As reported in another study examining the same cohort (Limongi et al., 2017), out of the 712 initially enrolled individuals, information was available on 537 with regard to both the baseline and 1 year follow-up assessments: after 1 year 534 participated in the follow-up assessment and 3 were declared demented by a proxy respondent at that time. At each evaluation, the participants were classified into four groups based on the results of the cognitive assessments performed by neuropsychologists: Preserved Cognitive Health [PCH], Dementia, MCI, and unclassifiable.
The participants assigned to the PCH group were characterized by:
1) a preserved general cognitive function [age-education corrected Mini Mental State Examination, MMSE >23.8 (Folstein et al., 1975)];
2) a marginal or absent cognitive impairment [education corrected Alzheimer's Disease Assessment Scale—Cognitive subscale, ADAS-Cog score ≤17 (Fioravanti et al., 1994)];
3) a preserved memory domain [ADAS-Cog subtests: “word recall immediate,” “word recall delayed,” “word recognition immediate,” “word recognition delayed,” “remembering test instructions”; Story recall test (Spinnler and Tognoni, 1987); Rey–Osterrieth Complex Figure subtest “recall” (Caffarra et al., 2002)];
4) a preserved non-memory domain [ADAS-Cog subtest “constructional praxis” and Rey–Osterrieth Complex Figure subtest “reproduction” for praxis subdomain; ADAS-Cog subtests “commands,” “word-finding difficulty” and semantic verbal fluency test (Novelli et al., 1986) for language subdomain; phonemic verbal fluency test (Carlesimo et al., 1996) and Trail Making Test (TMT) (Amodio et al., 2002) for executive functions subdomain, TMT-B; TMT-A, TMT B-A for attention and processing speed subdomain].
All the test scores fell within 1.5 standard deviations of the mean.
The participants assigned to the dementia group were characterized by:
1) an impaired general cognitive function [age-education corrected MMSE ≤23.8 or an age-education Clock Drawing Test, CDT ≤5 (Sunderland et al., 1989)];
2) a deterioration in Activities of Daily Living (ADL <6) (Katz et al., 1970) or in Instrumental Activities of Daily Living (IADL <5) (Lawton and Brody, 1969);
3) a Clinical Dementia Rating Scale, CDR >0.5 (Hughes et al., 1982);
4) an impairment in at least one memory domain test as well as in at least one non-memory domain test.
The participants assigned to the MCI group were characterized by:
1) objective impairment in cognitive tests but not so severe as to fall into the dementia classification;
2) a normal general cognitive function (age-education corrected MMSE >23.8);
3) no impairment in ADL (score = 6);
4) an impairment in at least one memory or at least one non-memory domain test.
The unclassifiable group included individuals with some cognitive deficit but who did not fall into any of the other groups.

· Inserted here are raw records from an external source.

lemma sets_joint_law [measurable_cong]: "sets joint_law = sets (Zh \<Otimes>\<^sub>M psi_space T)"
  by (simp add: joint_law_def normalize_measure_def sets_posterior_bind)

lemma nn_integral_point_kernel_weighted:
  assumes X: "X \<in> space Zh" and F: "F \<in> borel_measurable (Zh \<Otimes>\<^sub>M psi_space T)"
  shows "ennreal (lY X) * (\<integral>\<^sup>+z. F z \<partial>point_kernel X) =
    ennreal (exp T) * (\<integral>\<^sup>+\<psi>. ennreal (joint_density X \<psi>) * F (X, \<psi>) \<partial>poisson_pp T 1)"
proof -
  have [measurable]: "point_weight X \<in> borel_measurable (psi_space T)"
    "(\<lambda>\<psi>. F (X, \<psi>)) \<in> borel_measurable (psi_space T)"
    using measurable_point_weight[OF X] measurable_Pair2[OF F X] .
  have "ennreal (lY X) * (\<integral>\<^sup>+\<psi>. ennreal (point_weight X \<psi>) * F (X, \<psi>) \<partial>poisson_pp T 1) =
      (\<integral>\<^sup>+\<psi>. ennreal (lY X) * (ennreal (point_weight X \<psi>) * F (X, \<psi>)) \<partial>poisson_pp T 1)"
    by (rule nn_integral_cmult[symmetric]) measurable
  also have "\<dots> = (\<integral>\<^sup>+\<psi>. ennreal (joint_density X \<psi>) * F (X, \<psi>) \<partial>poisson_pp T 1)"
  proof (rule nn_integral_cong)
    fix \<psi>
    assume "\<psi> \<in> space (poisson_pp T 1)"
    then have "0 \<le> point_weight X \<psi>"
      by (intro point_weight_nonneg[OF X]) (auto simp: space_poisson_pp)
    then show "ennreal (lY X) * (ennreal (point_weight X \<psi>) * F (X, \<psi>)) =
        ennreal (joint_density X \<psi>) * F (X, \<psi>)"
      unfolding joint_density_def by (simp add: ennreal_mult[OF lY_nonneg] mult.assoc)
  qed
  finally show ?thesis
    by (simp add: nn_integral_point_kernel[OF X F] mult.left_commute)
qed

definition joint_law_scale :: ennreal where
  "joint_law_scale =
     1 / emeasure (path_posterior \<bind> point_kernel) (space (path_posterior \<bind> point_kernel)) *
     (1 / emeasure (density Zh (\<lambda>X. ennreal (lY X))) (space (density Zh (\<lambda>X. ennreal (lY X)))) *
      ennreal (exp T))"

lemma nn_integral_joint_law:
  assumes F [measurable]: "F \<in> borel_measurable (Zh \<Otimes>\<^sub>M psi_space T)"
  shows "(\<integral>\<^sup>+z. F z \<partial>joint_law) =
    joint_law_scale * (\<integral>\<^sup>+X. \<integral>\<^sup>+\<psi>. ennreal (joint_density X \<psi>) * F (X, \<psi>) \<partial>poisson_pp T 1 \<partial>Zh)"
proof -
  let ?D = "density Zh (\<lambda>X. ennreal (lY X))"
  let ?B = "path_posterior \<bind> point_kernel"
  have [measurable]: "(\<lambda>X. \<integral>\<^sup>+z. F z \<partial>point_kernel X) \<in> borel_measurable Zh"
    by (rule borel_measurable_nn_integral_point_kernel[OF F])
  have "(\<integral>\<^sup>+z. F z \<partial>joint_law) = 1 / emeasure ?B (space ?B) * (\<integral>\<^sup>+z. F z \<partial>?B)"
    unfolding joint_law_def normalize_measure_def
    by (rule nn_integral_scale_measure) (simp add: measurable_cong_sets[OF sets_posterior_bind refl])
  also have "(\<integral>\<^sup>+z. F z \<partial>?B) = (\<integral>\<^sup>+X. \<integral>\<^sup>+z. F z \<partial>point_kernel X \<partial>path_posterior)"
    using measurable_point_kernel
    by (intro nn_integral_bind[OF F]) (simp add: measurable_cong_sets[OF sets_path_posterior refl])
  also have "\<dots> = 1 / emeasure ?D (space ?D) * (\<integral>\<^sup>+X. \<integral>\<^sup>+z. F z \<partial>point_kernel X \<partial>?D)"
    unfolding path_posterior_def normalize_measure_def by (rule nn_integral_scale_measure) simp
  also have "(\<integral>\<^sup>+X. \<integral>\<^sup>+z. F z \<partial>point_kernel X \<partial>?D) =
      (\<integral>\<^sup>+X. ennreal (lY X) * (\<integral>\<^sup>+z. F z \<partial>point_kernel X) \<partial>Zh)"
    by (rule nn_integral_density) measurable
  also have "\<dots> = (\<integral>\<^sup>+X. ennreal (exp T) *
      (\<integral>\<^sup>+\<psi>. ennreal (joint_density X \<psi>) * F (X, \<psi>) \<partial>poisson_pp T 1) \<partial>Zh)"
    by (rule nn_integral_cong) (rule nn_integral_point_kernel_weighted[OF _ F])
  also have "\<dots> = ennreal (exp T) *
      (\<integral>\<^sup>+X. \<integral>\<^sup>+\<psi>. ennreal (joint_density X \<psi>) * F (X, \<psi>) \<partial>poisson_pp T 1 \<partial>Zh)"
    by (intro nn_integral_cmult borel_measurable_nn_integral_poisson_pp) measurable
  finally show ?thesis
    by (simp only: joint_law_scale_def mult.assoc)
qed

lemma borel_measurable_marginal_weight [measurable]:
  assumes [measurable]: "A \<in> borel_measurable Zh"
  shows "(\<lambda>\<psi>. \<integral>\<^sup>+X. A X * ennreal (joint_density X \<psi>) \<partial>Zh) \<in> borel_measurable (psi_space T)"
proof (rule measurable_psi_spaceI)
  have "(\<lambda>(X, p). A X * ennreal (joint_density X (enum_pts p))) \<in> borel_measurable (Zh \<Otimes>\<^sub>M poisson_pp_raw T 1)"
    unfolding split_beta' by measurable
  then have "(\<lambda>(p, X). A X * ennreal (joint_density X (enum_pts p))) \<in> borel_measurable (poisson_pp_raw T 1 \<Otimes>\<^sub>M Zh)"
    by (subst measurable_pair_swap_iff) (simp add: split_beta')
  then have "(\<lambda>p. \<integral>\<^sup>+X. A X * ennreal (joint_density X (enum_pts p)) \<partial>Zh) \<in> borel_measurable (poisson_pp_raw T 1)"
    by (rule Zh.borel_measurable_nn_integral)
  then show "(\<lambda>p. \<integral>\<^sup>+X. A X * ennreal (joint_density X (enum_pts p)) \<partial>Zh)
      \<in> borel_measurable (count_space UNIV \<Otimes>\<^sub>M unif_seq T)"
    by (simp add: measurable_cong_sets[OF sets_poisson_pp_raw refl])
qed

lemma nn_integral_joint_density_swap:
  assumes A [measurable]: "A \<in> borel_measurable Zh" and G [measurable]: "G \<in> borel_measurable (psi_space T)"
  shows "(\<integral>\<^sup>+X. \<integral>\<^sup>+\<psi>. ennreal (joint_density X \<psi>) * (A X * G \<psi>) \<partial>poisson_pp T 1 \<partial>Zh) =
    (\<integral>\<^sup>+\<psi>. G \<psi> * (\<integral>\<^sup>+X. A X * ennreal (joint_density X \<psi>) \<partial>Zh) \<partial>poisson_pp T 1)"
proof -
  let ?f = "\<lambda>X p. ennreal (joint_density X (enum_pts p)) * (A X * G (enum_pts p))"
  have f_meas: "case_prod ?f \<in> borel_measurable (Zh \<Otimes>\<^sub>M poisson_pp_raw T 1)"
    unfolding split_beta' by measurable
  have "(\<integral>\<^sup>+X. \<integral>\<^sup>+\<psi>. ennreal (joint_density X \<psi>) * (A X * G \<psi>) \<partial>poisson_pp T 1 \<partial>Zh) =
      (\<integral>\<^sup>+X. \<integral>\<^sup>+p. ?f X p \<partial>poisson_pp_raw T 1 \<partial>Zh)"
    by (rule nn_integral_cong, rule nn_integral_poisson_pp_section[where
        G = "\<lambda>X \<psi>. ennreal (joint_density X \<psi>) * (A X * G \<psi>)"]) measurable
  also have "\<dots> = (\<integral>\<^sup>+p. \<integral>\<^sup>+X. ?f X p \<partial>Zh \<partial>poisson_pp_raw T 1)"
    by (rule Zh_raw.Fubini'[OF f_meas, symmetric])
  also have "\<dots> = (\<integral>\<^sup>+p. G (enum_pts p) * (\<integral>\<^sup>+X. A X * ennreal (joint_density X (enum_pts p)) \<partial>Zh)
      \<partial>poisson_pp_raw T 1)"
  proof (rule nn_integral_cong)
    fix p
    assume "p \<in> space (poisson_pp_raw T 1)"
    from measurable_Pair1[OF measurable_joint_density_enum this]
    have "(\<lambda>X. joint_density X (enum_pts p)) \<in> borel_measurable Zh"
      by simp
    then have "(\<lambda>X. A X * ennreal (joint_density X (enum_pts p))) \<in> borel_measurable Zh"
      by measurable
    then show "(\<integral>\<^sup>+X. ?f X p \<partial>Zh) = G (enum_pts p) * (\<integral>\<^sup>+X. A X * ennreal (joint_density X (enum_pts p)) \<partial>Zh)"
      by (simp add: nn_integral_cmult[symmetric] ac_simps)
  qed
  also have "\<dots> = (\<integral>\<^sup>+\<psi>. G \<psi> * (\<integral>\<^sup>+X. A X * ennreal (joint_density X \<psi>) \<partial>Zh) \<partial>poisson_pp T 1)"
    by (rule nn_integral_poisson_pp_raw[symmetric]) measurable
  finally show ?thesis .
qed
lemma Lmat_eq_line_weight: "Lmat n A i j = line_weight n (\<lambda>k. A i j k)"
  unfolding Lmat_def plane_def line_weight_def ..

lemma line_weight_3: "line_weight 3 f = f 1 + 2 * f 2 + 3 * f 3"
  unfolding line_weight_def by (simp add: numeral_eq_Suc)

lemma line_weight_unit:
  assumes "k \<in> {1..n}" "\<forall>i\<in>{1..n}. f i = of_bool (i = k)"
  shows "line_weight n f = int k"
proof -
  have "line_weight n f = (\<Sum>i = 1..n. if i = k then int k else 0)"
    unfolding line_weight_def using assms(2) by (intro sum.cong) auto
  also have "\<dots> = int k" using assms(1) by simp
  finally show ?thesis .
qed

lemma alt_sign_line_first_last:
  assumes "alt_sign_line n f" "n \<ge> 1"
  shows "f 1 \<noteq> -1" and "f n \<noteq> -1"
proof -
  have "[1..<n+1] = 1 # [Suc 1..<n+1]" using assms(2) by (intro upt_conv_Cons) simp
  then show "f 1 \<noteq> -1" using assms(1) unfolding alt_sign_line_def Let_def by auto
  have "[1..<n+1] = [1..<n] @ [n]" using assms(2) by simp
  then show "f n \<noteq> -1" using assms(1) unfolding alt_sign_line_def Let_def by auto
qed

lemma alt_sign_line_neg_interior:
  assumes "alt_sign_line n f" "i \<in> {1..n}" "f i = -1"
  shows "i \<in> {1<..<n}"
proof -
  have "i \<noteq> 1" "i \<noteq> n" using alt_sign_line_first_last[OF assms(1)] assms(2,3) by auto
  then show ?thesis using assms(2) by auto
qed

lemma alt_sign_line_without_neg:
  assumes asl: "alt_sign_line n f" and nonneg: "\<forall>i\<in>{1..n}. f i \<noteq> -1"
  obtains k where "k \<in> {1..n}" "\<forall>i\<in>{1..n}. f i = of_bool (i = k)"
proof -
  define xs where "xs = filter (\<lambda>x. x \<noteq> 0) (map f [1..<n+1])"
  have ones: "x = 1" if "x \<in> set xs" for x
    using that asl nonneg unfolding xs_def alt_sign_line_def by auto
  have "xs \<noteq> []" and alt: "\<forall>i. Suc i < length xs \<longrightarrow> xs ! Suc i = - (xs ! i)"
    using asl unfolding alt_sign_line_def xs_def Let_def by auto
  have "length xs = 1"
  proof (rule ccontr)
    assume "length xs \<noteq> 1"
    with \<open>xs \<noteq> []\<close> have "1 < length xs" by (cases xs) auto
    then have "xs ! 1 = - (xs ! 0)" "xs ! 0 = 1" "xs ! 1 = 1"
      using alt ones[OF nth_mem] by auto
    then show False by simp
  qed
  moreover have "{i. i < length (map f [1..<n+1]) \<and> map f [1..<n+1] ! i \<noteq> 0}
      = {i. i < n \<and> f (Suc i) \<noteq> 0}"
    by (auto simp del: upt_Suc)
  ultimately have "card {i. i < n \<and> f (Suc i) \<noteq> 0} = 1"
    unfolding xs_def length_filter_conv_card by simp
  then obtain k0 where "{i. i < n \<and> f (Suc i) \<noteq> 0} = {k0}" by (rule card_1_singletonE)
  then have k0: "i < n \<and> f (Suc i) \<noteq> 0 \<longleftrightarrow> i = k0" for i
    unfolding set_eq_iff mem_Collect_eq singleton_iff by blast
  show ?thesis
  proof (rule that)
    show "Suc k0 \<in> {1..n}" using k0[of k0] by simp
    show "\<forall>i\<in>{1..n}. f i = of_bool (i = Suc k0)"
    proof
      fix i assume i: "i \<in> {1..n}"
      then have "f i \<in> {-1, 0, 1}" using asl unfolding alt_sign_line_def by auto
      moreover have "f i \<noteq> 0 \<longleftrightarrow> i = Suc k0"
        using k0[of "i - 1"] i by (cases i) auto
      ultimately show "f i = of_bool (i = Suc k0)" using nonneg i by auto
    qed
  qed
qed

lemma alt_sign_line_without_neg_weight_iff:
  assumes "alt_sign_line n f" "\<forall>i\<in>{1..n}. f i \<noteq> -1" "k \<in> {1..n}"
  shows "f k = 1 \<longleftrightarrow> line_weight n f = int k"
proof -
  obtain m where m: "m \<in> {1..n}" "\<forall>i\<in>{1..n}. f i = of_bool (i = m)"
    using alt_sign_line_without_neg assms(1,2) by blast
  then show ?thesis using line_weight_unit[OF m] assms(3) by auto
qed

lemma alt_sign_line_without_neg_eq:
  assumes "alt_sign_line n f" "\<forall>i\<in>{1..n}. f i \<noteq> -1"
    and "alt_sign_line n g" "\<forall>i\<in>{1..n}. g i \<noteq> -1"
    and "line_weight n f = line_weight n g"
  shows "\<forall>i\<in>{1..n}. f i = g i"
proof -
  obtain k where k: "k \<in> {1..n}" "\<forall>i\<in>{1..n}. f i = of_bool (i = k)"
    using alt_sign_line_without_neg assms(1,2) by blast
  obtain m where m: "m \<in> {1..n}" "\<forall>i\<in>{1..n}. g i = of_bool (i = m)"
    using alt_sign_line_without_neg assms(3,4) by blast
  have "k = m" using line_weight_unit[OF k] line_weight_unit[OF m] assms(5) by simp
  then show ?thesis using k(2) m(2) by simp
qed

lemma alt_sign_line_3_centre_neg:
  assumes "alt_sign_line 3 f" "f 2 = -1"
  shows "f 1 = 1" and "f 3 = 1"
proof -
  have "f 1 \<in> {0, 1}" "f 3 \<in> {0, 1}"
    using assms(1) alt_sign_line_first_last[OF assms(1)] unfolding alt_sign_line_def by auto
  then show "f 1 = 1" "f 3 = 1"
    using assms unfolding alt_sign_line_def by (auto simp: numeral_eq_Suc upt_rec)
qed

lemma ASHM_outside:
  "ASHM n A \<Longrightarrow> \<not> (i \<in> {1..n} \<and> j \<in> {1..n} \<and> k \<in> {1..n}) \<Longrightarrow> A i j k = 0"
  unfolding ASHM_def by blast

lemma ASHM_eqI:
  assumes "ASHM n A" "ASHM n B"
    and "\<forall>i\<in>{1..n}. \<forall>j\<in>{1..n}. \<forall>k\<in>{1..n}. A i j k = B i j k"
  shows "A = B"
proof (intro ext)
  fix i j k
  show "A i j k = B i j k"
    using assms(3) ASHM_outside[OF assms(1), of i j k] ASHM_outside[OF assms(2), of i j k]
    by (cases "i \<in> {1..n} \<and> j \<in> {1..n} \<and> k \<in> {1..n}") auto
qed

lemma ASHM_row_line: "ASHM n A \<Longrightarrow> j \<in> {1..n} \<Longrightarrow> k \<in> {1..n} \<Longrightarrow> alt_sign_line n (\<lambda>i. A i j k)"
  and ASHM_column_line: "ASHM n A \<Longrightarrow> i \<in> {1..n} \<Longrightarrow> k \<in> {1..n} \<Longrightarrow> alt_sign_line n (\<lambda>j. A i j k)"
  and ASHM_vertical_line: "ASHM n A \<Longrightarrow> i \<in> {1..n} \<Longrightarrow> j \<in> {1..n} \<Longrightarrow> alt_sign_line n (\<lambda>k. A i j k)"
  by (simp_all add: ASHM_def)

lemma ASHM_neg_interior:
  assumes A: "ASHM n A" and neg: "A i j k = -1"
  shows "i \<in> {1<..<n}" "j \<in> {1<..<n}" "k \<in> {1<..<n}"
proof -
  have "i \<in> {1..n} \<and> j \<in> {1..n} \<and> k \<in> {1..n}"
    using ASHM_outside[OF A, of i j k] neg by fastforce
  then have ijk: "i \<in> {1..n}" "j \<in> {1..n}" "k \<in> {1..n}" by auto
  show "i \<in> {1<..<n}"
    using alt_sign_line_neg_interior[OF ASHM_row_line[OF A ijk(2,3)] ijk(1)] neg by simp
  show "j \<in> {1<..<n}"
    using alt_sign_line_neg_interior[OF ASHM_column_line[OF A ijk(1,3)] ijk(2)] neg by simp
  show "k \<in> {1<..<n}"
    using alt_sign_line_neg_interior[OF ASHM_vertical_line[OF A ijk(1,2)] ijk(3)] neg by simp
qed

lemma ASHM_neg_le_3:
  assumes "ASHM n A" "n \<le> 3" "A i j k = -1"
  shows "n = 3 \<and> i = 2 \<and> j = 2 \<and> k = 2"
  using ASHM_neg_interior[OF assms(1,3)] assms(2) unfolding greaterThanLessThan_iff by linarith
(* Let $\alpha\in\mathbb Z^n$ and let $\mathcal S\subseteq\mathbb R^n$ be a convex set such that $\mathrm{conv}(\mathcal S\cap\mathbb Z^n)$ is the nonempty polyhedron $\mathcal P=\{x\in\mathbb R^n: Ax\le b\}$ with $A\in\mathbb Z^{m\times n}$ (rows $a_1^T,\dots,a_m^T$) and $b\in\mathbb R^m$. Assume $\mathrm{rec.cone}(\mathcal S)=\{x: Ax\le 0\}$ and $\inf\{\alpha^Tx: x\in\mathcal S\}>-\infty$. Define $b'_i=\sup\{a_i^Tx: x\in\mathcal S\}$ for $i=1,\dots,m$ and assume every $b'_i$ is finite. Then $$\inf\{\alpha^Tx:x\in\mathcal S\cap\mathbb Z^n\}-\inf\{\alpha^Tx:x\in\mathcal S\}\le n\|\alpha\|_1\Delta\,(1+\|b-b'\|_\infty),$$ where $\Delta$ is the largest absolute value of a determinant of a square submatrix of $A$.
   Context: $\mathrm{rec.cone}(\mathcal S)=\{d: x+\lambda d\in\mathcal S\ \forall\lambda\ge0,\ \forall x\in\mathcal S\}$; $\mathrm{conv}$ denotes convex hull. *)

theory Defs
  imports "HOL-Analysis.Analysis"
begin

definition int_points :: "(real^'n) set" where
  "int_points = {x. \<forall>i. x $ i \<in> \<int>}"

definition rec_cone :: "(real^'n) set \<Rightarrow> (real^'n) set" where
  "rec_cone S = {d. \<forall>x\<in>S. \<forall>t::real. t \<ge> 0 \<longrightarrow> x + t *\<^sub>R d \<in> S}"

text \<open>Determinant of the square submatrix of A with rows rs and columns cs
  (given as distinct lists of equal length), Leibniz formula.\<close>
definition subdet :: "real^'n^'m \<Rightarrow> 'm list \<Rightarrow> 'n list \<Rightarrow> real" where
  "subdet A rs cs = (\<Sum>p | p permutes {0..<length rs}.
       of_int (sign p) * (\<Prod>i<length rs. A $ (rs ! i) $ (cs ! (p i))))"

definition max_subdet :: "real^'n^'m \<Rightarrow> real" where
  "max_subdet A = Max {\<bar>subdet A rs cs\<bar> | rs cs.
       distinct rs \<and> distinct cs \<and> length rs = length cs \<and> length rs \<ge> 1}"

end

(* Let z0 minimise alpha over the integer points Z of S; it exists because alpha is integral
   and bounded below on S. As conv Z = P, z0 also minimises alpha over P, so by Farkas' lemma
   there are multipliers u >= 0, supported on the constraints active at z0, with u^T A = -alpha;
   by Caratheodory's theorem for cones the rows in the support can be taken linearly independent.
   Then alpha^T z0 = -u^T b while alpha^T x >= -u^T b' on S, so the gap is at most
   sum_i u_i (b'_i - b_i) <= (sum_i u_i) ||b - b'||_oo. The support rows contain a nonsingular
   integral square submatrix, so Cramer's rule bounds each u_i by Delta ||alpha||_1, and there
   are at most n of them. *)

theory Submission
  imports Defs Jordan_Normal_Form.Determinant
begin

(* Square submatrices are handled as Jordan_Normal_Form matrices, which provide Cramer's rule and
   Laplace expansion; their notation is hidden in favour of that of HOL-Analysis. *)
hide_const (open) Matrix.row Matrix.col Matrix.vec Matrix.mat Matrix.orthogonal
no_notation vec_index (infixl "$" 100)
no_notation scalar_prod (infix "\<bullet>" 70)

lemma cramer_minor_expansion:
  fixes M :: "'a::comm_ring_1 Matrix.mat"
  assumes M: "M \<in> carrier_mat k k" and p: "p < k"
    and sol: "\<And>q. q < k \<Longrightarrow> (\<Sum>i<k. u i * M $$ (i, q)) = a q"
  shows "u p * det M = (\<Sum>q<k. a q * ((-1) ^ (q + p) * det (mat_delete M p q)))"
proof -
  define T where "T = transpose_mat M"
  have T: "T \<in> carrier_mat k k" using M by (simp add: T_def)
  have Tu: "T *\<^sub>v Matrix.vec k u = Matrix.vec k a"
  proof (rule eq_vecI)
    fix q assume "q < dim_vec (Matrix.vec k a)"
    then have q: "q < k" by simp
    have "vec_index (T *\<^sub>v Matrix.vec k u) q = (\<Sum>i<k. u i * M $$ (i, q))"
      using M q by (auto simp: T_def mult_mat_vec_def scalar_prod_def atLeast0LessThan
          mult.commute intro!: sum.cong)
    then show "vec_index (T *\<^sub>v Matrix.vec k u) q = vec_index (Matrix.vec k a) q"
      using sol[OF q] q by simp
  qed (use T in simp)
  define R where "R = replace_col T (Matrix.vec k a) p"
  have R: "R \<in> carrier_mat k k" using T by (simp add: R_def replace_col_def)
  have "u p * det M = det R"
    using cramer_lemma_mat[OF T _ p, of "Matrix.vec k u"] Tu M p
    by (simp add: R_def T_def det_transpose)
  also have "\<dots> = (\<Sum>q<k. R $$ (q, p) * cofactor R q p)"
    by (rule laplace_expansion_column[OF R p])
  also have "\<dots> = (\<Sum>q<k. a q * ((-1) ^ (q + p) * det (mat_delete M p q)))"
  proof (rule sum.cong[OF refl])
    fix q assume q: "q \<in> {..<k}"
    have "mat_delete R q p = transpose_mat (mat_delete M p q)"
      using M T q p by (auto simp: R_def T_def mat_delete_def replace_col_def)
    then have "det (mat_delete R q p) = det (mat_delete M p q)"
      by (simp add: det_transpose[OF mat_delete_carrier[OF M]])
    moreover have "R $$ (q, p) = a q" using q p T by (simp add: R_def replace_col_def)
    ultimately show "R $$ (q, p) * cofactor R q p
        = a q * ((-1) ^ (q + p) * det (mat_delete M p q))"
      by (simp add: cofactor_def)
  qed
  finally show ?thesis .
qed

lemma cramer_abs_bound:
  fixes M :: "real Matrix.mat"
  assumes M: "M \<in> carrier_mat k k" and det_ge: "1 \<le> \<bar>det M\<bar>" and p: "p < k"
    and sol: "\<And>q. q < k \<Longrightarrow> (\<Sum>i<k. u i * M $$ (i, q)) = a q"
    and minors: "\<And>q. q < k \<Longrightarrow> \<bar>det (mat_delete M p q)\<bar> \<le> D"
  shows "\<bar>u p\<bar> \<le> D * (\<Sum>q<k. \<bar>a q\<bar>)"
proof -
  have "\<bar>u p\<bar> \<le> \<bar>u p * det M\<bar>"
    using det_ge by (simp add: abs_mult mult_le_cancel_left1)
  also have "\<dots> = \<bar>\<Sum>q<k. a q * ((-1) ^ (q + p) * det (mat_delete M p q))\<bar>"
    by (simp only: cramer_minor_expansion[OF M p sol])
  also have "\<dots> \<le> (\<Sum>q<k. \<bar>a q\<bar> * \<bar>det (mat_delete M p q)\<bar>)"
    by (rule order_trans[OF sum_abs]) (simp add: abs_mult power_abs)
  also have "\<dots> \<le> (\<Sum>q<k. \<bar>a q\<bar> * D)"
    using minors by (intro sum_mono mult_left_mono) auto
  finally show ?thesis by (simp add: sum_distrib_left mult.commute)
qed

definition square_submat :: "real^'n^'m \<Rightarrow> 'm list \<Rightarrow> 'n list \<Rightarrow> real Matrix.mat" where
  "square_submat A rs cs = Matrix.mat (length rs) (length rs) (\<lambda>(i, j). A $ (rs ! i) $ (cs ! j))"

definition delete_nth :: "nat \<Rightarrow> 'a list \<Rightarrow> 'a list" where
  "delete_nth p xs = take p xs @ drop (Suc p) xs"

lemma length_delete_nth: "p < length xs \<Longrightarrow> length (delete_nth p xs) = length xs - 1"
  by (simp add: delete_nth_def)

lemma nth_delete_nth:
  "p < length xs \<Longrightarrow> i < length xs - 1 \<Longrightarrow> delete_nth p xs ! i = xs ! (if i < p then i else Suc i)"
  by (auto simp: delete_nth_def nth_append min_def)

lemma distinct_delete_nth:
  assumes "distinct xs" "p < length xs"
  shows "distinct (delete_nth p xs)"
proof -
  have "distinct (take p xs @ xs ! p # drop (Suc p) xs)"
    using assms by (simp add: id_take_nth_drop[symmetric])
  then show ?thesis by (simp add: delete_nth_def)
qed

lemma square_submat_carrier: "square_submat A rs cs \<in> carrier_mat (length rs) (length rs)"
  by (simp add: square_submat_def)

lemma subdet_eq_det_square_submat: "subdet A rs cs = det (square_submat A rs cs)"
  by (simp add: subdet_def det_def square_submat_def atLeast0LessThan)

lemma mat_delete_square_submat:
  assumes "p < length rs" "q < length rs" "length cs = length rs"
  shows "mat_delete (square_submat A rs cs) p q = square_submat A (delete_nth p rs) (delete_nth q cs)"
  using assms by (auto simp: mat_delete_def square_submat_def length_delete_nth nth_delete_nth)

lemma det_square_submat_Ints:
  assumes "\<forall>i j. A $ i $ j \<in> \<int>"
  shows "det (square_submat A rs cs) \<in> \<int>"
  using assms unfolding det_def square_submat_def
  by (auto intro!: Ints_sum Ints_prod Ints_mult simp: atLeast0LessThan)

lemma finite_subdets:
  fixes A :: "real^'n^'m"
  shows "finite {\<bar>subdet A rs cs\<bar> | rs cs.
     distinct rs \<and> distinct cs \<and> length rs = length cs \<and> length rs \<ge> 1}"
proof -
  have "finite {rs :: 'm list. distinct rs}" "finite {cs :: 'n list. distinct cs}"
    using finite_subset_distinct[of "UNIV :: 'm set"] finite_subset_distinct[of "UNIV :: 'n set"]
    by simp_all
  then have "finite ({rs :: 'm list. distinct rs} \<times> {cs :: 'n list. distinct cs})" by simp
  then show ?thesis
    by (rule finite_surj[where f = "\<lambda>(rs, cs). \<bar>subdet A rs cs\<bar>"]) auto
qed

lemma abs_subdet_le_max_subdet:
  fixes A :: "real^'n^'m"
  assumes "distinct rs" "distinct cs" "length rs = length cs" "length rs \<ge> 1"
  shows "\<bar>subdet A rs cs\<bar> \<le> max_subdet A"
  unfolding max_subdet_def using assms by (intro Max_ge[OF finite_subdets]) blast

lemma max_subdet_nonneg: "0 \<le> max_subdet A"
  using abs_subdet_le_max_subdet[of "[undefined]" "[undefined]" A] by simp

The analyses of this study focused on the 459 participants classified at the baseline as PCH (n = 80) or MCI (n = 379).
Outcome
The study's primary outcome was the participants' cognitive progression or regression 1-year after the baseline assessment.
Baseline Characteristics
The baseline characteristics included: age, sex, educational level, cohabitation status, prevalent working activity, family history of dementia, lifestyle (smoking and alcohol use), depressive symptoms, comorbidity, and blood sampling.
Educational Level
Educational level was classified as years of schooling ≤5 vs. >5 years.
Cohabitation Status
Cohabitation status was categorized as living alone vs. cohabitating (with spouse, conjugated sons, unmarried children, brothers/sisters, other relatives, retirement home, religious community, other).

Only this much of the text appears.